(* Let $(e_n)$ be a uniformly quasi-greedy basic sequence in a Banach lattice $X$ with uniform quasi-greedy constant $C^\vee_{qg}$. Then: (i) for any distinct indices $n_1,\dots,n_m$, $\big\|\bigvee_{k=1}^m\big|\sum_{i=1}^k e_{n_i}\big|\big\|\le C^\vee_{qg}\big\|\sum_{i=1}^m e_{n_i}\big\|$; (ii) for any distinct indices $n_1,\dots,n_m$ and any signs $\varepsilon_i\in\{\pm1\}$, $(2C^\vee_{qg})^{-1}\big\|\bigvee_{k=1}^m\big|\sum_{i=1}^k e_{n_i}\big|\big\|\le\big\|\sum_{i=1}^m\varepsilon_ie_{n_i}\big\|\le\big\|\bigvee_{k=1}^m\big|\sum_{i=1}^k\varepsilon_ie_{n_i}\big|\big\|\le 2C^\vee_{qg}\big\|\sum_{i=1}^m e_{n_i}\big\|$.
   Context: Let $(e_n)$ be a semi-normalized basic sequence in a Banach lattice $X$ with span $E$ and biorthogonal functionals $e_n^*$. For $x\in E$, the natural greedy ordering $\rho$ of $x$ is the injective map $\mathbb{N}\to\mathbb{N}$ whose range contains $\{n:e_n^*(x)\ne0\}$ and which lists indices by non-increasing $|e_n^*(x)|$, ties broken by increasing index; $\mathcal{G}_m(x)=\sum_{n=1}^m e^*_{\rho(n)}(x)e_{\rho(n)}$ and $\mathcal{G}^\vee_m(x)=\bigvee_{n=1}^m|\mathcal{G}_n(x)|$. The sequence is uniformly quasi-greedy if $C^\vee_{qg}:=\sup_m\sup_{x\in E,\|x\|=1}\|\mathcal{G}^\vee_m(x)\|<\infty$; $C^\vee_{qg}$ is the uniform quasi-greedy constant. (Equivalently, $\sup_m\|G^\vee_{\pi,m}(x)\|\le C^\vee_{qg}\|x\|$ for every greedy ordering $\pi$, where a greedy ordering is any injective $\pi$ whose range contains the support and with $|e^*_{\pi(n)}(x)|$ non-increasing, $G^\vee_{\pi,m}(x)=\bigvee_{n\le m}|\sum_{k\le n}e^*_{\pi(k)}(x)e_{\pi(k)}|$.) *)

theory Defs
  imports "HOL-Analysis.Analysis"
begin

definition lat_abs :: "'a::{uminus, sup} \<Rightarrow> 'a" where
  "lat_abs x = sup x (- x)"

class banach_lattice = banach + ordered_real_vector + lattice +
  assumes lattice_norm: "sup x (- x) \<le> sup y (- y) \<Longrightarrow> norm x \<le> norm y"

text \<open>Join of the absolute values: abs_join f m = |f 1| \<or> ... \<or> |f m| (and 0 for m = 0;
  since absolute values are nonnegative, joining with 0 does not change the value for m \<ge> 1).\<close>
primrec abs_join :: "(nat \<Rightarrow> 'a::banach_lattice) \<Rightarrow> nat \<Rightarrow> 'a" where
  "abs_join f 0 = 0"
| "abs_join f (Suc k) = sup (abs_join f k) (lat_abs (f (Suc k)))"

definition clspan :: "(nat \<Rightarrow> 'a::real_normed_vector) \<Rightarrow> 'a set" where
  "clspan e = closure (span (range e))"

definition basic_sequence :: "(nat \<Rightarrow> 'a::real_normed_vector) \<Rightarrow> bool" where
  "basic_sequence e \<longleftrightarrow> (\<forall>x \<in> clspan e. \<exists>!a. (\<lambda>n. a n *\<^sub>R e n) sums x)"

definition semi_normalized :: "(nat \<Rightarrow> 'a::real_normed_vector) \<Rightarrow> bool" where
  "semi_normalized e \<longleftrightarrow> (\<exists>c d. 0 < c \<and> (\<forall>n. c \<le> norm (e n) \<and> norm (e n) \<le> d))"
* * *
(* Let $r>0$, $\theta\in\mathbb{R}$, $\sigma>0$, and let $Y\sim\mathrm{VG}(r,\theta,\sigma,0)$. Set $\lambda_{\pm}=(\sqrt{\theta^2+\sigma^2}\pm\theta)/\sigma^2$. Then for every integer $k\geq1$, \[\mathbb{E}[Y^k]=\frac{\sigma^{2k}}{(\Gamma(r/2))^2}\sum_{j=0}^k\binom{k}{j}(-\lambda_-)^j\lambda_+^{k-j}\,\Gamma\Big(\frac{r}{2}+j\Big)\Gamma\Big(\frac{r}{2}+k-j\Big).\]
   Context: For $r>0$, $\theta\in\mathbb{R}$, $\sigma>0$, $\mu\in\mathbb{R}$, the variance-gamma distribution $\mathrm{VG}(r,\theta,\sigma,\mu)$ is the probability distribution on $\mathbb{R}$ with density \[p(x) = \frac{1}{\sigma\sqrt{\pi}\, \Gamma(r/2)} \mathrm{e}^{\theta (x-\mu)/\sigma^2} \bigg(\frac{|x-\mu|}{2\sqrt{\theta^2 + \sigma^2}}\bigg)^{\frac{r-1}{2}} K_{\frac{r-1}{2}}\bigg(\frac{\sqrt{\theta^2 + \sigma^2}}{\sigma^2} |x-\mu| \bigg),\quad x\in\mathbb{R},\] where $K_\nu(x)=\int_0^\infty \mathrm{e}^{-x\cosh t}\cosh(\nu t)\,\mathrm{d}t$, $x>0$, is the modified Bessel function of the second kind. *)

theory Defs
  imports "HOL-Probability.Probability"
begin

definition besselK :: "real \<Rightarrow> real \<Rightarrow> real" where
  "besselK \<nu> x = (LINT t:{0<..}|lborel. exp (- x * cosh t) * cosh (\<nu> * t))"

** What is required **
Wherever a line holds the word "clspan", copy that line out of the entries above.

** Exercise solution **
definition clspan :: "(nat \<Rightarrow> 'a::real_normed_vector) \<Rightarrow> 'a set" where
  "clspan e = closure (span (range e))"
  "basic_sequence e \<longleftrightarrow> (\<forall>x \<in> clspan e. \<exists>!a. (\<lambda>n. a n *\<^sub>R e n) sums x)"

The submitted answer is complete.